Exercise prompt
Using the entries below, copy out all lines where "sqrt" is found.

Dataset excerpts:

<<<<

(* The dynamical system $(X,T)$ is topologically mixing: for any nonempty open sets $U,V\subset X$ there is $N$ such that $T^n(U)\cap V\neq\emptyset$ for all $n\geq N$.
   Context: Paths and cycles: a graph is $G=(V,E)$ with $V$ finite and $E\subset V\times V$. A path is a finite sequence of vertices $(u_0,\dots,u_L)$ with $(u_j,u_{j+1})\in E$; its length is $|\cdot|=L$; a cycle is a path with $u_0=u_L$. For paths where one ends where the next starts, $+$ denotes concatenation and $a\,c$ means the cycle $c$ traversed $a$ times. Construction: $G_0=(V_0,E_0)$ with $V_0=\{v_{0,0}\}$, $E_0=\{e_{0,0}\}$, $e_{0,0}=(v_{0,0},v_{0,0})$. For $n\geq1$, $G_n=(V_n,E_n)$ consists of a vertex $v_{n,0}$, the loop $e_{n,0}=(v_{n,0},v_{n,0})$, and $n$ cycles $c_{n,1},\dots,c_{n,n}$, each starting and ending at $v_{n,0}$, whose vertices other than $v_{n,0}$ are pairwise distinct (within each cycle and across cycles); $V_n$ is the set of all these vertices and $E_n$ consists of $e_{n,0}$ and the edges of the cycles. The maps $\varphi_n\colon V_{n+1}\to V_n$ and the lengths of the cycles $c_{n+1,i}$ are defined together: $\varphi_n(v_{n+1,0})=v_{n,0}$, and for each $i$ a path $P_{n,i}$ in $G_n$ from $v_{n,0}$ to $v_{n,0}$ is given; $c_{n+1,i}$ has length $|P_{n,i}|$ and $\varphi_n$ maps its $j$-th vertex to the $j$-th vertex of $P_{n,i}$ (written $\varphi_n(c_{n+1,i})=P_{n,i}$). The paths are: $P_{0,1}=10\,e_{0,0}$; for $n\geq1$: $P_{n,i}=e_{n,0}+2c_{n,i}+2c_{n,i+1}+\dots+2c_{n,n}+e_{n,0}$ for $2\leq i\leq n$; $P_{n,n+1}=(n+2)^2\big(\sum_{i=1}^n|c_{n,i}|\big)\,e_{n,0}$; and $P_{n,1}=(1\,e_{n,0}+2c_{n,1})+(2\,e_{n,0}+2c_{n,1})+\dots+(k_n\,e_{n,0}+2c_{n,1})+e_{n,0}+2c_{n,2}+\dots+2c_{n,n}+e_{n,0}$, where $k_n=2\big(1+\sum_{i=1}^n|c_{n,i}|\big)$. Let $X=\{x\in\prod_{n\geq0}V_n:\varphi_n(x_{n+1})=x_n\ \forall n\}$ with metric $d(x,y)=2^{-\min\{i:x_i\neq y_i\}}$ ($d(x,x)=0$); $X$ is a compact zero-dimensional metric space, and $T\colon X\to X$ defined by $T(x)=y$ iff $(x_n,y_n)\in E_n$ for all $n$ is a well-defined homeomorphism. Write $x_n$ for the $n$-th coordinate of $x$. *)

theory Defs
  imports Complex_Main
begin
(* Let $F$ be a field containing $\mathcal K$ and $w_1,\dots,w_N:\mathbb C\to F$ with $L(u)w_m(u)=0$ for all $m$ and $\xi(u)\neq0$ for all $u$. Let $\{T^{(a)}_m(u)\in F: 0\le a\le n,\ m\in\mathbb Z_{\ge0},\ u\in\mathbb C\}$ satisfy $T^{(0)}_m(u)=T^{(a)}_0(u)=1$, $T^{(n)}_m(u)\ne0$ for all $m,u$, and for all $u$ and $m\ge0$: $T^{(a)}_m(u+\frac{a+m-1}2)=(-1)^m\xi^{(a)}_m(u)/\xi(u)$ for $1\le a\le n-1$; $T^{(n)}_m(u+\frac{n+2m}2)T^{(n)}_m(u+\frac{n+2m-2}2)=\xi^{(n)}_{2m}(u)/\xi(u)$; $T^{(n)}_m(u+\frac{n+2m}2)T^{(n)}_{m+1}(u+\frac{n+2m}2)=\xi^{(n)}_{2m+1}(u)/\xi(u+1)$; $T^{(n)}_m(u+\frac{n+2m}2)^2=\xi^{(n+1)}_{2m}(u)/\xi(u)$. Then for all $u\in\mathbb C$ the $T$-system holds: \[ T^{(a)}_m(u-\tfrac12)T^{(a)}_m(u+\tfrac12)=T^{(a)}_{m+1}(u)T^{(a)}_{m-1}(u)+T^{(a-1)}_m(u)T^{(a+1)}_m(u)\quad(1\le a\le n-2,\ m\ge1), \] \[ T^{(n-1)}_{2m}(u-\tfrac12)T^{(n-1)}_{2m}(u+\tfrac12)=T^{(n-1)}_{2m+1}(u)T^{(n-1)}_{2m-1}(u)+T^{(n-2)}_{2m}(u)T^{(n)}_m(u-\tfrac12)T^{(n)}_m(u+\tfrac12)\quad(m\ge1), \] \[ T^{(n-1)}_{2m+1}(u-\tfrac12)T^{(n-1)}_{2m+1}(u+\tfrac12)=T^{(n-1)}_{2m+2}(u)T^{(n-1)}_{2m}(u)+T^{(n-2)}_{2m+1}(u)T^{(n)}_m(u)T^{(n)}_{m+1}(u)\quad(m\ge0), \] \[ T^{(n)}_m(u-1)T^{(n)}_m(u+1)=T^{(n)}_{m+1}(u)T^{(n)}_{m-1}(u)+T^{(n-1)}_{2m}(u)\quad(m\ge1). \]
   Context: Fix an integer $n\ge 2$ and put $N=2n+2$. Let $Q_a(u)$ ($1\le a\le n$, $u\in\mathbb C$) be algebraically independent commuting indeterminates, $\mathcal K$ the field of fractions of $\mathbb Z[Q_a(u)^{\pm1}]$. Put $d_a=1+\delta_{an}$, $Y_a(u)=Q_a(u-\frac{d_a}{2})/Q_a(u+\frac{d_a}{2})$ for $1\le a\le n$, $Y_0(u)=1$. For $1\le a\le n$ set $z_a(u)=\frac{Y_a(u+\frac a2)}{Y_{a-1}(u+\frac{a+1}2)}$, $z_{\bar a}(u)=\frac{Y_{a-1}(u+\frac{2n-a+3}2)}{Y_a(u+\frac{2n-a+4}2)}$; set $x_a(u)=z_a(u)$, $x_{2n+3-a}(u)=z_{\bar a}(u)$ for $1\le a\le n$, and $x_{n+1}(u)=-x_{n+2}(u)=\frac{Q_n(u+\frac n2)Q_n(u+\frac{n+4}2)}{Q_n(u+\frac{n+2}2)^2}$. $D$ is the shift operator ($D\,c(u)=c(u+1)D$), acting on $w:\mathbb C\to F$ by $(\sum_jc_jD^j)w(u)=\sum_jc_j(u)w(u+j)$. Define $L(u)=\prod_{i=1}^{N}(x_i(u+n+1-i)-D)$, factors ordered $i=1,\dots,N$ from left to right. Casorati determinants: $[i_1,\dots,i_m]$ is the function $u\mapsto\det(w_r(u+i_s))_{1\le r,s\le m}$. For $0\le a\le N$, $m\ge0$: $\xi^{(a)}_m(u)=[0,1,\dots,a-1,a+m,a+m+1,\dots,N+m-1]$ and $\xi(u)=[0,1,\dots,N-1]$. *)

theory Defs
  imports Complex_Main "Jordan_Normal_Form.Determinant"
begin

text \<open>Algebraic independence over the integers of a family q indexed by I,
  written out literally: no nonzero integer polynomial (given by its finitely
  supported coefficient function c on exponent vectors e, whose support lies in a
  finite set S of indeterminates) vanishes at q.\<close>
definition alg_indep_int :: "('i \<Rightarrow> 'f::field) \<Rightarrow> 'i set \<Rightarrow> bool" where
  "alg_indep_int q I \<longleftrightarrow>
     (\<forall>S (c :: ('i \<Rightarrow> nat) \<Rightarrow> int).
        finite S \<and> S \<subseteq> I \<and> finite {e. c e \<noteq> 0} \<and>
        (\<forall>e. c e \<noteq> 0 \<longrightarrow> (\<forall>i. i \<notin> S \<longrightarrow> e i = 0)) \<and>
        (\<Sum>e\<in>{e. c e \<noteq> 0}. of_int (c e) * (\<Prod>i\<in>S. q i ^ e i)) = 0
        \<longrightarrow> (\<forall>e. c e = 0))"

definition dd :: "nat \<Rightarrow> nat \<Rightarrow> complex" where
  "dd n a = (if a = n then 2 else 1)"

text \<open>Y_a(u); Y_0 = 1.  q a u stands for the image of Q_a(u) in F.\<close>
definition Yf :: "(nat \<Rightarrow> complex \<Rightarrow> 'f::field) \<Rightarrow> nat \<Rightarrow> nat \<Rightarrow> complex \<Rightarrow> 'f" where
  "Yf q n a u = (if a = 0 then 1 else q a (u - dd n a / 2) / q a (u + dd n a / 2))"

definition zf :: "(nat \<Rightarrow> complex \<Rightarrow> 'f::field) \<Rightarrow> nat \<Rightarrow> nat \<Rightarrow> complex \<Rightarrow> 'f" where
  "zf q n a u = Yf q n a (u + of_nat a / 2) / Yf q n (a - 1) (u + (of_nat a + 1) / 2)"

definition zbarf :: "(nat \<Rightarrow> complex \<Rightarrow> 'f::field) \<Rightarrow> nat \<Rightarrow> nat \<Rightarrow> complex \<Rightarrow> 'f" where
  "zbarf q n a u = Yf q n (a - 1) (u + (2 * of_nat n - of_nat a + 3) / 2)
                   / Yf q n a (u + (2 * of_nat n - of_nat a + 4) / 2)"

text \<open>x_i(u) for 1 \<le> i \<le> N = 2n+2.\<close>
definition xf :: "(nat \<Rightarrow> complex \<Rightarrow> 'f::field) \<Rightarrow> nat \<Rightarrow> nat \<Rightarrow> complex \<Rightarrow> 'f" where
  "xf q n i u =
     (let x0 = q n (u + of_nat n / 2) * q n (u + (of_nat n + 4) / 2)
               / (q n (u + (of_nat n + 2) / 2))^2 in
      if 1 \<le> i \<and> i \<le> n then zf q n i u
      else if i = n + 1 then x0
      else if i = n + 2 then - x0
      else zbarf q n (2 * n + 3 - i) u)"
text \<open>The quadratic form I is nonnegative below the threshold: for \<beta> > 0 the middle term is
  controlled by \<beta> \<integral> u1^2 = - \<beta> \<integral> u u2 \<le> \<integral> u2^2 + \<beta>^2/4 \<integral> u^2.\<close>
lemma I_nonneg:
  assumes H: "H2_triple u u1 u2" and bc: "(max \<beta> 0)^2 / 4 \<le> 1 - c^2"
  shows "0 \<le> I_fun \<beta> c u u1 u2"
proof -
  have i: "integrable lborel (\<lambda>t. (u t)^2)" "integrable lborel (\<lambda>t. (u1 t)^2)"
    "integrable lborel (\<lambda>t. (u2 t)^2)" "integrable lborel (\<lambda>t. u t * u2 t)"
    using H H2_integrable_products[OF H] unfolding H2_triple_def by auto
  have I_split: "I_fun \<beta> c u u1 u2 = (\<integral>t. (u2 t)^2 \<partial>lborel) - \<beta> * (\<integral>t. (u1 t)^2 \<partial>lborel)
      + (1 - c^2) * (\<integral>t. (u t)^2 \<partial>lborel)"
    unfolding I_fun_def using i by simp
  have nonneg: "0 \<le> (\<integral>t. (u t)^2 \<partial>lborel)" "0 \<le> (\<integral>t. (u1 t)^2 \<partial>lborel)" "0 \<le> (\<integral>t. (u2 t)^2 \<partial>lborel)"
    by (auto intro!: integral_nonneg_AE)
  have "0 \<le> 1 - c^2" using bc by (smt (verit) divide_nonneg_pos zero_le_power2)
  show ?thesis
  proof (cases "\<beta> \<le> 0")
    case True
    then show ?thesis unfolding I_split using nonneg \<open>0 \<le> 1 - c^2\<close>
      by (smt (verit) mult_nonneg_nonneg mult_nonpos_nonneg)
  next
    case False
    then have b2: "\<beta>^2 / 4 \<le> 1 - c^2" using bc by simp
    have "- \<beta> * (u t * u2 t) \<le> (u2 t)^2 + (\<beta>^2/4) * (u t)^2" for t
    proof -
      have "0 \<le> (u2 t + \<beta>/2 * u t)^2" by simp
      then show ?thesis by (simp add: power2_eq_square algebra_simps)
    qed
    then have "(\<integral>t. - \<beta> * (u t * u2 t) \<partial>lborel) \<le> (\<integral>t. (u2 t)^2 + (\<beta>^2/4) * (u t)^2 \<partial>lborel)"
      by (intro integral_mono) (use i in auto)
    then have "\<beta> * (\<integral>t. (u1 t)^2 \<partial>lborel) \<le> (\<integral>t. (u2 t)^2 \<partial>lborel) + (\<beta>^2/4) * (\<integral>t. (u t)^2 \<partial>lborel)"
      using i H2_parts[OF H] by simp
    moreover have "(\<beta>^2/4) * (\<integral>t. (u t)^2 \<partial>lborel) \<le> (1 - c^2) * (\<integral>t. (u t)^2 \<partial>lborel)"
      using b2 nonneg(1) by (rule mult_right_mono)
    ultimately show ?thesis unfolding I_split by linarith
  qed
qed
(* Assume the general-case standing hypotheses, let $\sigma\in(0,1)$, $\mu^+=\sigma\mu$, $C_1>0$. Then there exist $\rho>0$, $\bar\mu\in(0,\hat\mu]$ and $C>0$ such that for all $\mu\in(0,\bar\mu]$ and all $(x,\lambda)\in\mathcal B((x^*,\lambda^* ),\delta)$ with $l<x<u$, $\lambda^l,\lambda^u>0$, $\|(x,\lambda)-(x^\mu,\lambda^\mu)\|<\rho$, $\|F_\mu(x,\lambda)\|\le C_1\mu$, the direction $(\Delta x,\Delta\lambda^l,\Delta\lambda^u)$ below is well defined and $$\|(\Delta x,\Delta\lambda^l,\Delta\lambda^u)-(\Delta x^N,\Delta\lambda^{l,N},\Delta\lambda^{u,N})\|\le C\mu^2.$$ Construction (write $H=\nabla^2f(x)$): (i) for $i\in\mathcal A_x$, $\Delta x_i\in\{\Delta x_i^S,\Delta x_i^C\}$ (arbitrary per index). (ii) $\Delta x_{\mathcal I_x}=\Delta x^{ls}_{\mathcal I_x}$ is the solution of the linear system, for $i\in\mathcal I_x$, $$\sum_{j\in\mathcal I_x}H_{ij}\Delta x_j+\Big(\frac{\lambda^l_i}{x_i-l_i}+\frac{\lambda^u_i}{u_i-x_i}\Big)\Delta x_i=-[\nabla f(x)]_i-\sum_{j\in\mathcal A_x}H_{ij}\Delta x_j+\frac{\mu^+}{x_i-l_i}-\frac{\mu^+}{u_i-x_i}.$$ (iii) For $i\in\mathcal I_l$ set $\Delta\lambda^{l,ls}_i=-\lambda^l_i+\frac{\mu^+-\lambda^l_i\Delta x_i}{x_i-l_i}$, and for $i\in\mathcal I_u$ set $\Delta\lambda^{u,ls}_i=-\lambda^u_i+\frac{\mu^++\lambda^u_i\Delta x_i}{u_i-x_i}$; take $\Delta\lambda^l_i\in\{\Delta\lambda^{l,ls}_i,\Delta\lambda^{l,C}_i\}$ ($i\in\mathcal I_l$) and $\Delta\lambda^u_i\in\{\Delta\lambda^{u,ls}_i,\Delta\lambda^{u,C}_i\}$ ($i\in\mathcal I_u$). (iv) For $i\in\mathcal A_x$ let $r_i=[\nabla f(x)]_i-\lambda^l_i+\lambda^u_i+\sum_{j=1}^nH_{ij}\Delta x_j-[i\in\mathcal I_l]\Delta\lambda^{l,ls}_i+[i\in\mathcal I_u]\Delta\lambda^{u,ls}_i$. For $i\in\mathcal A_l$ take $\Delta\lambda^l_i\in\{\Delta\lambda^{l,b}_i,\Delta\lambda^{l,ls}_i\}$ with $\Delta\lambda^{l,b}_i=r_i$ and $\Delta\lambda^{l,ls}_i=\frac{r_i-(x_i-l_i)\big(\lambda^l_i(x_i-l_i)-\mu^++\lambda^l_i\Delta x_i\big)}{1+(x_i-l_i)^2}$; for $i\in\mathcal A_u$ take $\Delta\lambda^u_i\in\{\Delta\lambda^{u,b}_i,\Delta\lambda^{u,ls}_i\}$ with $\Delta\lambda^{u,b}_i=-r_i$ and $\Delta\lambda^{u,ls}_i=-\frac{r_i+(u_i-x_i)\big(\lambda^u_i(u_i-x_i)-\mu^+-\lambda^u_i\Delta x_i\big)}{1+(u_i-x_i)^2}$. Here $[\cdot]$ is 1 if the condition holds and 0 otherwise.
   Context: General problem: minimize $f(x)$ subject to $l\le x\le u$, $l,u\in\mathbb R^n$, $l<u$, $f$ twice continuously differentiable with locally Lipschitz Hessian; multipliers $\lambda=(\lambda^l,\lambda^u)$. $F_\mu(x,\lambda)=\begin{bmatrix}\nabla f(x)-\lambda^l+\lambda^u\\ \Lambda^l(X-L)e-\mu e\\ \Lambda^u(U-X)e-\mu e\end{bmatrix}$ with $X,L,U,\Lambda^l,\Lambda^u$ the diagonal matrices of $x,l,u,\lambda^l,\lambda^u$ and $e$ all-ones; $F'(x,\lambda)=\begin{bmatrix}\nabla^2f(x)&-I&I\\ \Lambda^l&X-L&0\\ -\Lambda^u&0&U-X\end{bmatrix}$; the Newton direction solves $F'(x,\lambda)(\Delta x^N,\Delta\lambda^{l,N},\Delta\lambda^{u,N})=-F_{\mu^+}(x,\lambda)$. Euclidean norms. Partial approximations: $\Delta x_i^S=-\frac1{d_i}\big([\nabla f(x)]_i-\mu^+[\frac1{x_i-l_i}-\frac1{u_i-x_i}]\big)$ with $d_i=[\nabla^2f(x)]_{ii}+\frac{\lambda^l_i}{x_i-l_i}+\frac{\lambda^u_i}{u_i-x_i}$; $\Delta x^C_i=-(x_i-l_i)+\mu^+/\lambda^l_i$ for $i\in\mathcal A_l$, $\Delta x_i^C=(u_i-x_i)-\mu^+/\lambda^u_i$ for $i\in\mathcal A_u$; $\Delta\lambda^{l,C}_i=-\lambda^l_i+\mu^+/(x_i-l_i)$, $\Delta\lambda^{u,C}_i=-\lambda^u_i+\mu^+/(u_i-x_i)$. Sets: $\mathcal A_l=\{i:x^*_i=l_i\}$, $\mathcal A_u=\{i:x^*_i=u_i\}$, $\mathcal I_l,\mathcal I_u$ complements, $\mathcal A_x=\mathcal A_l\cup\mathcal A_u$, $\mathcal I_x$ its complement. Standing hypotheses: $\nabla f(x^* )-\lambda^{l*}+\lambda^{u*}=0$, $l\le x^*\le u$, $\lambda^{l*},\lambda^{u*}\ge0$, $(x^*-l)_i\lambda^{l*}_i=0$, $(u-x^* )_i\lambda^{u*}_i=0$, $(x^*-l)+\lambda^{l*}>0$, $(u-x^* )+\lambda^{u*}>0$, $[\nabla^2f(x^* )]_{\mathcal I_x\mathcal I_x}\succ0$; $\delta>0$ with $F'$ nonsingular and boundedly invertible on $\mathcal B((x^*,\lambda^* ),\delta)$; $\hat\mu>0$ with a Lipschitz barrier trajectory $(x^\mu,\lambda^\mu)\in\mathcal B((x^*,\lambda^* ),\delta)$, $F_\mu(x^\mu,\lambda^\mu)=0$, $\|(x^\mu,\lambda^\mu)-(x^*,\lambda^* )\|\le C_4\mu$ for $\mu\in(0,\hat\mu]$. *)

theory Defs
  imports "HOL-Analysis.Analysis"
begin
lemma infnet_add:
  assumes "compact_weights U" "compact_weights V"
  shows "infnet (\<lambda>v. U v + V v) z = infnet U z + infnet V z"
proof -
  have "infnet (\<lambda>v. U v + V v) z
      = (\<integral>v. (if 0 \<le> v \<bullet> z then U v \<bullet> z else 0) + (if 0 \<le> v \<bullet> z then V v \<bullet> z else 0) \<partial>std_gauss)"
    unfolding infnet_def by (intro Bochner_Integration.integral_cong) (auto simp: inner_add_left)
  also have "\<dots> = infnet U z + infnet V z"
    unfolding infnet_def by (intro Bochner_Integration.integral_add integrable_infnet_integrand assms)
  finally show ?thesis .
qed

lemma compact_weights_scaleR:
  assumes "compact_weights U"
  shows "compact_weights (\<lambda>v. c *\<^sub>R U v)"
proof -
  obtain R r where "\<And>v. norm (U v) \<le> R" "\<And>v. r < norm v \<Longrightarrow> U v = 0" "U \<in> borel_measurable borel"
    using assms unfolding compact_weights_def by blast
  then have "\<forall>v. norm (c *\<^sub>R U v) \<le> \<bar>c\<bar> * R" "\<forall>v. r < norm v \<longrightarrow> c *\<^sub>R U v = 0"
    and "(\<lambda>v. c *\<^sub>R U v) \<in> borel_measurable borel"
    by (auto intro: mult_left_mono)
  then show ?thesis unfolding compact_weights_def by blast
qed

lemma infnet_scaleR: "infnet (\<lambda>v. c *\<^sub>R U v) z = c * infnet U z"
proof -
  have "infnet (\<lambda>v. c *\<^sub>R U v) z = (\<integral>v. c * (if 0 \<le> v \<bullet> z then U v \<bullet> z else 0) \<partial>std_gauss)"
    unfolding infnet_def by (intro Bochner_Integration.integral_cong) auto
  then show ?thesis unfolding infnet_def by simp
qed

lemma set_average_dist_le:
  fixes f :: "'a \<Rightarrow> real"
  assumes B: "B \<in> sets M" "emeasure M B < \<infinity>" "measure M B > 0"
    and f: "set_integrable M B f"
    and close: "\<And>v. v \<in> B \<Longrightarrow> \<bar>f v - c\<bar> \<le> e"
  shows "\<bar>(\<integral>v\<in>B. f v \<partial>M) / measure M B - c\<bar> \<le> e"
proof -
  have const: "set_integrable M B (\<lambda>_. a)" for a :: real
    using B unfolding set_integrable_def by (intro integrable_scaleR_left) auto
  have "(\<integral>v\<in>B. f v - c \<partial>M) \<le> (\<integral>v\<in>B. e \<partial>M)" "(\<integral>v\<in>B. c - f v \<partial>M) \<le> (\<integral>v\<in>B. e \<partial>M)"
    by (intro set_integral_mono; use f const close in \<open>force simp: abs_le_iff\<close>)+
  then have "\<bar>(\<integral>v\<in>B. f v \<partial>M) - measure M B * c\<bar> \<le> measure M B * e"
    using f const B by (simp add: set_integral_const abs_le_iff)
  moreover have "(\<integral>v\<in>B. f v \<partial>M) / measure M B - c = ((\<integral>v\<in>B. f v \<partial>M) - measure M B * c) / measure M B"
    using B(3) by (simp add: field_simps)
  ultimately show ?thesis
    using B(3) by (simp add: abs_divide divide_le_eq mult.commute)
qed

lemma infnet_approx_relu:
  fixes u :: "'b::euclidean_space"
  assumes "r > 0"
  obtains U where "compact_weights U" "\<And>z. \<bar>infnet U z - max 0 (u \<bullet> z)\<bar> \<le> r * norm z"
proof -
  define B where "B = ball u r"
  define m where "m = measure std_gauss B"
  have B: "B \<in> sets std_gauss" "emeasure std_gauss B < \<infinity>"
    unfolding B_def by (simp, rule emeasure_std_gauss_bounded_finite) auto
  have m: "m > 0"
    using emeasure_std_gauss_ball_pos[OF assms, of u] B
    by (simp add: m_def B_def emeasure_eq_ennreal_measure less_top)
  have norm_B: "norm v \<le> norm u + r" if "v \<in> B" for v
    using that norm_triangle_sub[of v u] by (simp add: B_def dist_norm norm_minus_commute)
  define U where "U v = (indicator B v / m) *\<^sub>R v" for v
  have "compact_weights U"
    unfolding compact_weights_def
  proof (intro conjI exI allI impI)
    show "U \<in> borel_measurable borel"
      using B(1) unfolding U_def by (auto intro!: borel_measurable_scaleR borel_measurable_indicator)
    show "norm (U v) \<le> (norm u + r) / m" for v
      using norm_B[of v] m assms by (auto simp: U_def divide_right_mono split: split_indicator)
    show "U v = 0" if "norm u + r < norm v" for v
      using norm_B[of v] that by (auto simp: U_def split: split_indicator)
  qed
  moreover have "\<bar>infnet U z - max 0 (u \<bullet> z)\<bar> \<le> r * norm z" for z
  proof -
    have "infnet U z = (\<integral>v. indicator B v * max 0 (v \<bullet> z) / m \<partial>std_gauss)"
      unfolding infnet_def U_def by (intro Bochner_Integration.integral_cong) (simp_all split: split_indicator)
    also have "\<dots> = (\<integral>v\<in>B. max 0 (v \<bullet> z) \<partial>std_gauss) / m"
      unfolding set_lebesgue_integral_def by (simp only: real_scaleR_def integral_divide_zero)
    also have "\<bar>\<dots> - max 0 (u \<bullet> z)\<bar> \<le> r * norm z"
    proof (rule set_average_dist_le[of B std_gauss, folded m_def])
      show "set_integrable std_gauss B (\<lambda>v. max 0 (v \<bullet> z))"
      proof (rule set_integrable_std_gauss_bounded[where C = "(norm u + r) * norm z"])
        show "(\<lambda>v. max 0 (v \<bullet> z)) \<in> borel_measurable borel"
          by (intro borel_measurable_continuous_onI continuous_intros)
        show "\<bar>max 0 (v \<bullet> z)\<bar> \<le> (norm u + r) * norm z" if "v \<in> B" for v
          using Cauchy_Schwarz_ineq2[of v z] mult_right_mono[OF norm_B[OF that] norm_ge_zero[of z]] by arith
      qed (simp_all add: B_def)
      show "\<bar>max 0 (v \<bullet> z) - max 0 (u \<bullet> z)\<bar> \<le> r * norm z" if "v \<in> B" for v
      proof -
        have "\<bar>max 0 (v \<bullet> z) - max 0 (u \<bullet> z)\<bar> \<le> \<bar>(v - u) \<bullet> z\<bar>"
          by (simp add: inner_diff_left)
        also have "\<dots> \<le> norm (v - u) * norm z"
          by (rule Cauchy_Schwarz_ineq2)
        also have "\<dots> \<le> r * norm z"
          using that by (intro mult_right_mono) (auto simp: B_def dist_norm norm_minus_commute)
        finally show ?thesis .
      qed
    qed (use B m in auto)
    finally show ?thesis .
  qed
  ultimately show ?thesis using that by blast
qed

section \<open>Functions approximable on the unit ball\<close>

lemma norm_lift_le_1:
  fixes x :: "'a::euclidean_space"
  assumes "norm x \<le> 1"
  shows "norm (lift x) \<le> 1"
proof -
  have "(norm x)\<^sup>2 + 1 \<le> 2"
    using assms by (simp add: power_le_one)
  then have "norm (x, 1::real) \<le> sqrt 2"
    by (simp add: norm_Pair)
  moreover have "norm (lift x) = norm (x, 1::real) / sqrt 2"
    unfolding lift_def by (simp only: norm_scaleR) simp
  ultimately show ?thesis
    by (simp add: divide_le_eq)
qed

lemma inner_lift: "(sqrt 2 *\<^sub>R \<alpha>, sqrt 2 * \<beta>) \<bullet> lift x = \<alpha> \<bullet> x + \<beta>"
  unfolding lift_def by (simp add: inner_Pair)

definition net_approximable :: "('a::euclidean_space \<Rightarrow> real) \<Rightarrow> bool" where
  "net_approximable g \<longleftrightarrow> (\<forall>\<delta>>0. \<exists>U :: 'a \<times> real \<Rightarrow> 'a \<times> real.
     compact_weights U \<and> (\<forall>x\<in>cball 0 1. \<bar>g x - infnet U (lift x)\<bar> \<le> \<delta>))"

>>>>

Reply
  then have "norm (x, 1::real) \<le> sqrt 2"
  moreover have "norm (lift x) = norm (x, 1::real) / sqrt 2"
lemma inner_lift: "(sqrt 2 *\<^sub>R \<alpha>, sqrt 2 * \<beta>) \<bullet> lift x = \<alpha> \<bullet> x + \<beta>"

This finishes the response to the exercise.